In 2016 the band released their second studio album, Help!, on Hopeless Records, which was followed by the release of three singles "Assume", "Dark Daze" and "Soul Addiction".

Their third album, Seasons, was released on October 5, 2018.

On April 11, 2021, the lead vocalist of the band Jayden Panesso announced on his Twitter account that new Sylar music was being worked on after an extended hiatus.

On January 14, 2026, the band released a new song titled "Pushing Me Off" off an untitled new album, marking their first new song since Seasons, and thus, ending their extended hiatus.
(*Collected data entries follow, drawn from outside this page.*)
lemma leading_deviation_0:
  assumes "i < n" "Z i p \<noteq> Z 0 p \<or> Z i 0 \<noteq> Z 0 0"
  shows "\<delta> \<le> \<bar>(Z i p - Z 0 p) - t * (Z i 0 - Z 0 0)\<bar>"
proof (cases "Z i 0 = Z 0 0")
  case True
  then show ?thesis using assms least_deviation_le[OF assms(1) order_refl] by auto
next
  case False
  have "C + 1 \<le> t * \<delta>" by (rule t_large)
  also have "\<dots> \<le> t * \<bar>Z i 0 - Z 0 0\<bar>"
    using least_deviation_le[of i n 0 p Z] assms(1) False t_ge_1 by (intro mult_left_mono) auto
  finally have "C + 1 \<le> \<bar>t * (Z i 0 - Z 0 0)\<bar>" using t_ge_1 by (simp add: abs_mult)
  moreover have "\<bar>Z i p - Z 0 p\<bar> \<le> C" using total_deviation_ge[OF assms(1), of "{p}"] by simp
  ultimately show ?thesis using \<delta>_le_1 by linarith
qed

lemma leading_deviation:
  assumes i: "i \<in> deviating_rows n p Z q" and "q < r"
  obtains j where "j \<le> q" "\<And>k. k < j \<Longrightarrow> Z i k = Z 0 k"
    "\<eta> ^ j * \<delta> \<le> \<bar>(Z i p - Z 0 p) - slope j * (Z i j - Z 0 j)\<bar>"
proof (cases "Z i p = Z 0 p \<and> Z i 0 = Z 0 0")
  case False
  have "i < n" using i deviating_rows_subset[of n p Z q] by auto
  then show ?thesis
    using leading_deviation_0 False by (intro that[of 0]) (simp_all add: slope_def)
next
  case True
  then obtain k0 where k0: "k0 \<le> q" "Z i k0 \<noteq> Z 0 k0" using i unfolding deviating_rows_def by auto
  define j where "j = (LEAST k. Z i k \<noteq> Z 0 k)"
  have j: "Z i j \<noteq> Z 0 j" "j \<le> q" "\<And>k. k < j \<Longrightarrow> Z i k = Z 0 k"
  proof -
    show "Z i j \<noteq> Z 0 j" unfolding j_def by (rule LeastI[of _ k0]) (rule k0(2))
    have "j \<le> k0" unfolding j_def by (rule Least_le) (rule k0(2))
    then show "j \<le> q" using k0(1) by simp
    show "Z i k = Z 0 k" if "k < j" for k using not_less_Least[of k] that unfolding j_def by blast
  qed
  have "0 < j" using j(1) True by (cases j) auto
  have "i < n" using i deviating_rows_subset[of n p Z q] by auto
  have "\<eta> ^ j * \<delta> \<le> \<eta> ^ j * \<bar>Z i j - Z 0 j\<bar>"
    using least_deviation_le[of i n j p Z] \<open>i < n\<close> j(1) j(2) \<open>q < r\<close> r_less \<eta>_pos
    by (intro mult_left_mono) auto
  also have "\<dots> = \<bar>(Z i p - Z 0 p) - slope j * (Z i j - Z 0 j)\<bar>"
    using True \<open>0 < j\<close> j(2) \<open>q < r\<close> \<eta>_pos by (simp add: slope_def abs_mult)
  finally show ?thesis using j(2,3) that by blast
qed

lemma off_residual_bound:
  assumes i: "i \<in> deviating_rows n p Z q" and "q < r"
  shows "\<eta> ^ q * \<delta> / 2 \<le> \<bar>off_residual i (Suc q)\<bar>"
proof -
  obtain j where j: "j \<le> q" "\<And>k. k < j \<Longrightarrow> Z i k = Z 0 k"
    and lead: "\<eta> ^ j * \<delta> \<le> \<bar>(Z i p - Z 0 p) - slope j * (Z i j - Z 0 j)\<bar>"
    using leading_deviation[OF assms] by blast
  have "i < n" using i deviating_rows_subset[of n p Z q] by auto
  let ?A = "{..<p} - {Suc q}" and ?g = "\<lambda>k. slope k * (Z i k - Z 0 k)"
  let ?T = "{k\<in>?A. j < k}"
  have split: "sum ?g ?A = ?g j + sum ?g ?T"
    by (rule sum_split_leading) (use j \<open>q < r\<close> r_less in auto)
  have "\<bar>sum ?g ?T\<bar> \<le> \<eta> ^ Suc j * (\<Sum>k\<in>?T. \<bar>Z i k - Z 0 k\<bar>)"
    by (rule slope_tail_bound) auto
  also have "\<dots> \<le> \<eta> ^ Suc j * C"
    using total_deviation_ge[OF \<open>i < n\<close>, of ?T] \<eta>_pos by (intro mult_left_mono) (auto simp: subset_eq)
  also have "\<dots> \<le> \<eta> ^ j * (\<delta> / 2)"
    using \<eta>_C \<eta>_pos by (simp add: mult_left_mono)
  finally have tail: "\<bar>sum ?g ?T\<bar> \<le> \<eta> ^ j * (\<delta> / 2)" .
  have "\<bar>(Z i p - Z 0 p) - ?g j\<bar> - \<bar>sum ?g ?T\<bar> \<le> \<bar>(Z i p - Z 0 p) - ?g j - sum ?g ?T\<bar>"
    by (rule abs_triangle_ineq2)
  moreover have "off_residual i (Suc q) = (Z i p - Z 0 p) - ?g j - sum ?g ?T"
    unfolding off_residual_def split by simp
  ultimately have "\<eta> ^ j * \<delta> / 2 \<le> \<bar>off_residual i (Suc q)\<bar>"
    using lead tail by linarith
  moreover have "\<eta> ^ q * \<delta> \<le> \<eta> ^ j * \<delta>"
    using j(1) \<eta>_pos \<eta>_le_1 \<delta>_pos by (simp add: power_decreasing)
  ultimately show ?thesis by linarith
qed

lemma off_residual_0_bound:
  assumes "i < n" "Z i p \<noteq> Z 0 p"
  shows "\<delta> / 2 \<le> \<bar>off_residual i 0\<bar>"
proof -
  let ?A = "{..<p} - {0}"
  have "\<bar>\<Sum>k\<in>?A. slope k * (Z i k - Z 0 k)\<bar> \<le> \<eta> ^ Suc 0 * (\<Sum>k\<in>?A. \<bar>Z i k - Z 0 k\<bar>)"
    by (rule slope_tail_bound) auto
  also have "\<dots> \<le> \<eta> * C"
    using total_deviation_ge[of i n ?A p Z] assms(1) \<eta>_pos by (simp add: subset_eq)
  finally have "\<bar>\<Sum>k\<in>?A. slope k * (Z i k - Z 0 k)\<bar> \<le> \<delta> / 2" using \<eta>_C by linarith
  moreover have "\<delta> \<le> \<bar>Z i p - Z 0 p\<bar>" using least_deviation_le[of i n p p Z] assms by simp
  ultimately show ?thesis unfolding off_residual_def by linarith
qed

lemma contaminated_row_0: "contaminated 0 k = Z 0 k"
proof (rule ccontr)
  assume "contaminated 0 k \<noteq> Z 0 k"
  then have "c 0 = Some k \<or> k \<in> {r<..<p} \<and> 0 = h k" by (rule contaminated_cells[THEN conjunct2])
  moreover have "c 0 = None" by (rule c_eq_None) (simp add: deviating_rows_def)
  ultimately show False using h_not_deviating[of k] by auto
qed

lemma probe_off_diagonal:
  assumes "q < p" "k < p" "k \<noteq> q"
  shows "contaminated (probe q) k = Z (probe q) k"
proof (rule ccontr)
  assume "contaminated (probe q) k \<noteq> Z (probe q) k"
  then have changed: "c (probe q) = Some k \<or> k \<in> {r<..<p} \<and> probe q = h k"
    by (rule contaminated_cells[THEN conjunct2])
  show False
  proof (cases "q \<le> r")
    case True
    have "c (f q) \<noteq> Some k"
      using c_f_0 c_f_Suc[of "q - 1"] True assms by (cases q) (auto split: if_splits)
    moreover have "f q \<noteq> h k" if "k \<in> {r<..<p}"
      using f_deviating[OF True] h_not_deviating[OF that] by auto
    ultimately show False using changed True by (auto simp: probe_def)
  next
    case False
    then have q: "q \<in> {r<..<p}" using assms(1) by auto
    then have "c (h q) = None" using h_not_deviating c_eq_None by blast
    moreover have "h q \<noteq> h k" if "k \<in> {r<..<p}"
      using inj_onD[OF h_inj _ q that] assms(3) by auto
    ultimately show False using changed False by (auto simp: probe_def)
  qed
qed

lemma probe_diagonal:
  assumes "0 < q" "q < p"
  shows "K \<le> \<bar>contaminated (probe q) q - Z 0 q\<bar>"
proof (cases "q \<le> r")
  case True
  then obtain q' where q: "q = Suc q'" "q' < r" using assms(1) by (cases q) auto
  have "contaminated (f q) q - Z 0 q = off_residual (f q) q / slope q"
    using contaminated_refit_cell[OF f_deviating[OF True]] c_f_Suc[OF q(2)] assms(2) q(1) by simp
  then have "contaminated (f q) q - Z 0 q = off_residual (f q) q / \<eta> ^ q"
    using True q(1) by (simp add: slope_def)
  moreover have "K = (\<eta> ^ q' * \<delta> / 2) / \<eta> ^ q"
    using \<eta>_pos q(1) by (simp add: K_eq field_simps)
  moreover have "(\<eta> ^ q' * \<delta> / 2) / \<eta> ^ q \<le> \<bar>off_residual (f q) q\<bar> / \<eta> ^ q"
    using off_residual_bound[OF f_Suc[OF q(2)] q(2)] q(1) \<eta>_pos by (intro divide_right_mono) auto
  ultimately show ?thesis
    using True \<eta>_pos by (simp add: probe_def abs_divide)
next
  case False
  then have "contaminated (h q) q = Z 0 q + K" using assms(2) by (simp add: contaminated_def)
  then show ?thesis using False K_ge C_nonneg by (simp add: probe_def)
qed

lemma probe_diagonal_0: "\<mu> \<le> \<bar>contaminated (probe 0) 0 - Z 0 0\<bar>"
proof -
  have f0: "f 0 \<in> deviating_rows n p Z r" "f 0 < n"
    using f_deviating[of 0] deviating_rows_subset[of n p Z r] by auto
  show ?thesis
  proof (cases "Z (f 0) 0 = Z 0 0")
    case True
    then have "Z (f 0) p \<noteq> Z 0 p" using f_0 unfolding deviating_rows_def by auto
    have "contaminated (f 0) 0 - Z 0 0 = off_residual (f 0) 0 / t"
      using contaminated_refit_cell[OF f0(1)] c_f_0 True r_less by (simp add: slope_def)
    moreover have "\<mu> = (\<delta> / 2) / t" by (simp add: \<mu>_def)
    moreover have "(\<delta> / 2) / t \<le> \<bar>off_residual (f 0) 0\<bar> / t"
      using off_residual_0_bound[OF f0(2) \<open>Z (f 0) p \<noteq> Z 0 p\<close>] t_ge_1
      by (intro divide_right_mono) auto
    ultimately show ?thesis using t_ge_1 by (simp add: probe_def abs_divide)
  next
    case False
    then have "contaminated (f 0) 0 = Z (f 0) 0"
      using c_f_0 r_less by (auto simp: contaminated_def refit_def)
    then show ?thesis
      using least_deviation_le[of "f 0" n 0 p Z] f0(2) False \<mu>_le_\<delta> by (simp add: probe_def)
  qed
qed

lemma not_rows_in_proper_subspace_contaminated: "\<not> rows_in_proper_subspace n p contaminated"
proof (rule not_rows_in_proper_subspaceI)
  show "0 < n" using probe_less[of 0] r_less by linarith
  show "probe q < n" if "q < p" for q using probe_less[OF that] .
  fix w
  assume kernel: "\<And>q. q < p \<Longrightarrow> (\<Sum>k<p. (contaminated (probe q) k - contaminated 0 k) * w k) = 0"
  show "\<forall>k<p. w k = 0"
  proof (rule diagonally_dominant_kernel_trivial[OF kernel])
    show "\<mu> \<le> \<bar>contaminated (probe 0) 0 - contaminated 0 0\<bar>"
      using probe_diagonal_0 by (simp add: contaminated_row_0)
    show "K \<le> \<bar>contaminated (probe q) q - contaminated 0 q\<bar>" if "0 < q" "q < p" for q
      using probe_diagonal[OF that] by (simp add: contaminated_row_0)
    show "(\<Sum>k\<in>{..<p}-{q}. \<bar>contaminated (probe q) k - contaminated 0 k\<bar>) \<le> C" if "q < p" for q
    proof -
      have "(\<Sum>k\<in>{..<p}-{q}. \<bar>contaminated (probe q) k - contaminated 0 k\<bar>)
          = (\<Sum>k\<in>{..<p}-{q}. \<bar>Z (probe q) k - Z 0 k\<bar>)"
        using probe_off_diagonal[OF that] by (intro sum.cong) (auto simp: contaminated_row_0)
      also have "\<dots> \<le> C" using total_deviation_ge[OF probe_less[OF that]] by (auto simp: subset_eq)
      finally show ?thesis .
    qed
    show "C < K" using K_ge by linarith
    show "C * C < \<mu> * K" by (rule C_sq_less)
  qed
qed

end

lemma (in breakdown_plan) estimate_unbounded:
  assumes "exact_fit_property n p est"
  shows "\<exists>Z'. (\<forall>i k. Z' i k \<noteq> Z i k \<longrightarrow> i < n \<and> (c i = Some k \<or> k \<in> {r<..<p} \<and> i = h k))
    \<and> B < coef_dist p (est Z') \<gamma>"
proof -
  define t where "t = max ((total_deviation n p Z + 1) / least_deviation n p Z) (\<bar>B\<bar> + \<bar>\<gamma> 1\<bar> + 1)"
  have "total_deviation n p Z + 1 \<le> t * least_deviation n p Z"
    using least_deviation_pos[of n p Z] unfolding t_def by (simp add: field_simps max_def)
  then interpret breakdown_construction n p Z r f h c t
    by (intro breakdown_construction.intro breakdown_plan_axioms breakdown_construction_axioms.intro)
  have "est contaminated k = case_nat intercept slope k" if "k \<le> p" for k
    using assms exact_fit_contaminated not_rows_in_proper_subspace_contaminated that
    unfolding exact_fit_property_def by blast
  then have "est contaminated 1 = t" using r_less by (simp add: slope_def)
  moreover have "\<bar>B\<bar> + \<bar>\<gamma> 1\<bar> + 1 \<le> t" unfolding t_def by simp
  ultimately have "B < \<bar>est contaminated 1 - \<gamma> 1\<bar>" by linarith
  also have "\<dots> \<le> coef_dist p (est contaminated) \<gamma>"
    using r_less by (intro coef_dist_ge_component) simp
  finally have "B < coef_dist p (est contaminated) \<gamma>" .
  then show ?thesis using contaminated_cells by blast
qed

section \<open>A plan within the budget\<close>

lemma exists_probe_rows:
  assumes "1 \<le> p" "p + 1 \<le> n" "n - 1 \<le> (p + 1) * m" "deviating_rows n p Z 0 \<noteq> {}"
  obtains r f where "r < p" "inj_on f {..r}" "f 0 \<in> deviating_rows n p Z 0"
    "\<And>q. q < r \<Longrightarrow> f (Suc q) \<in> deviating_rows n p Z q"
    "card (deviating_rows n p Z r) \<le> (r + 2) * m"
    "r < p - 1 \<Longrightarrow> card (deviating_rows n p Z r) \<le> r + 1"
proof -
  let ?D = "deviating_rows n p Z"
  obtain r where r: "r \<le> p - 1" "\<And>q. 0 < q \<Longrightarrow> q \<le> r \<Longrightarrow> q < card (?D (q - 1))"
    and stop: "r < p - 1 \<Longrightarrow> \<not> Suc r < card (?D (Suc r - 1))"
    using exists_maximal_prefix[where N = "p - 1" and P = "\<lambda>q. q < card (?D (q - 1))"] by blast
  have "\<exists>f. inj_on f {..r} \<and> (\<forall>q\<le>r. f q \<in> (if q = 0 then ?D 0 else ?D (q - 1)))"
    using r(2) assms(4) by (intro exists_inj_choice) (auto simp: card_gt_0_iff)
  then obtain f where f: "inj_on f {..r}" "\<And>q. q \<le> r \<Longrightarrow> f q \<in> (if q = 0 then ?D 0 else ?D (q - 1))"
    by blast
  have small: "card (?D r) \<le> r + 1" if "r < p - 1" using stop[OF that] by simp
  have "1 \<le> m" using assms(1-3) by (cases m) auto
  have "card (?D r) \<le> (r + 2) * m"
  proof (cases "r < p - 1")
    case True
    have "r + 2 \<le> (r + 2) * m" using mult_le_mono2[OF \<open>1 \<le> m\<close>, of "r + 2"] by simp
    then show ?thesis using small[OF True] by linarith
  next
    case False
    then have "r + 2 = p + 1" using r(1) assms(1) by simp
    moreover have "card (?D r) \<le> card {1..<n}" by (rule card_mono[OF _ deviating_rows_subset]) simp
    ultimately show ?thesis using assms(3) by simp
  qed
  moreover have "f (Suc q) \<in> ?D q" if "q < r" for q using f(2)[of "Suc q"] that by simp
  moreover have "f 0 \<in> ?D 0" using f(2)[of 0] by simp
  moreover have "r < p" using r(1) assms(1) by simp
  ultimately show thesis using that f(1) small by blast
qed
==Musical style and influences==
In an interview with Dead Press, the members of the band cited Bring Me the Horizon's Sempiternal, Deftones's eponymous fourth album, Slipknot's Iowa, Atreyu's the Curse and Poison's Open Up and Say... Ahh! as their biggest musical influences. They have been categorised as nu metalcore, metalcore and nu metal.

==Band members==

Current
- Jayden Panesso – lead vocals (2011–2019, 2026–present)
- Miguel Cardona – clean vocals, rhythm guitar (2012–2019, 2026–present)
- Dustin Jennings – lead guitar (2012–2019, 2026–present)
- Richard Wicander – bass guitar (2026–present)
- Jeff Melo – drums (2026–present)

Former
- Jay Hu – lead guitar (2011)
- Stephen "Steve" Dillaro – bass guitar (2011–2012), rhythm guitar (2012)
- Evan Buksbaum – lead guitar (2011–2012)
- Michael "Mike" Seghposs – rhythm guitar (2011–2012)
- Thomas Veroutis – drums, percussion (2011–2017)
- Travis Hufton – bass guitar (2012–2019)
- Cody Ash – drums, percussion (2017–2019, 2016 touring)

Timeline

== Discography ==

- Studio albums
- To Whom It May Concern (2014)
- Help! (2016) No. 31 Top Rock Albums
- Seasons (2018)

- EPs
- Cutting the Ties (2011)
- Deadbeat (2013)

- Singles
- "Golden Retreat" (2013)
- "Mirrors" (2014)
- "Assume" (2016)
- "Dark Daze" (2016)
- "Soul Addiction" (2017) No. 38 Mainstream Rock Songs
- "All or Nothing" (2018) No. 35 Mainstream Rock Songs
- "Points of Authority" (2017)
- "No Way" (2018)
- "Open Wounds" (2018)
- "Pushing Me Off" (2026)
- "Raw" (2026)
- "Lovely Day" (2026)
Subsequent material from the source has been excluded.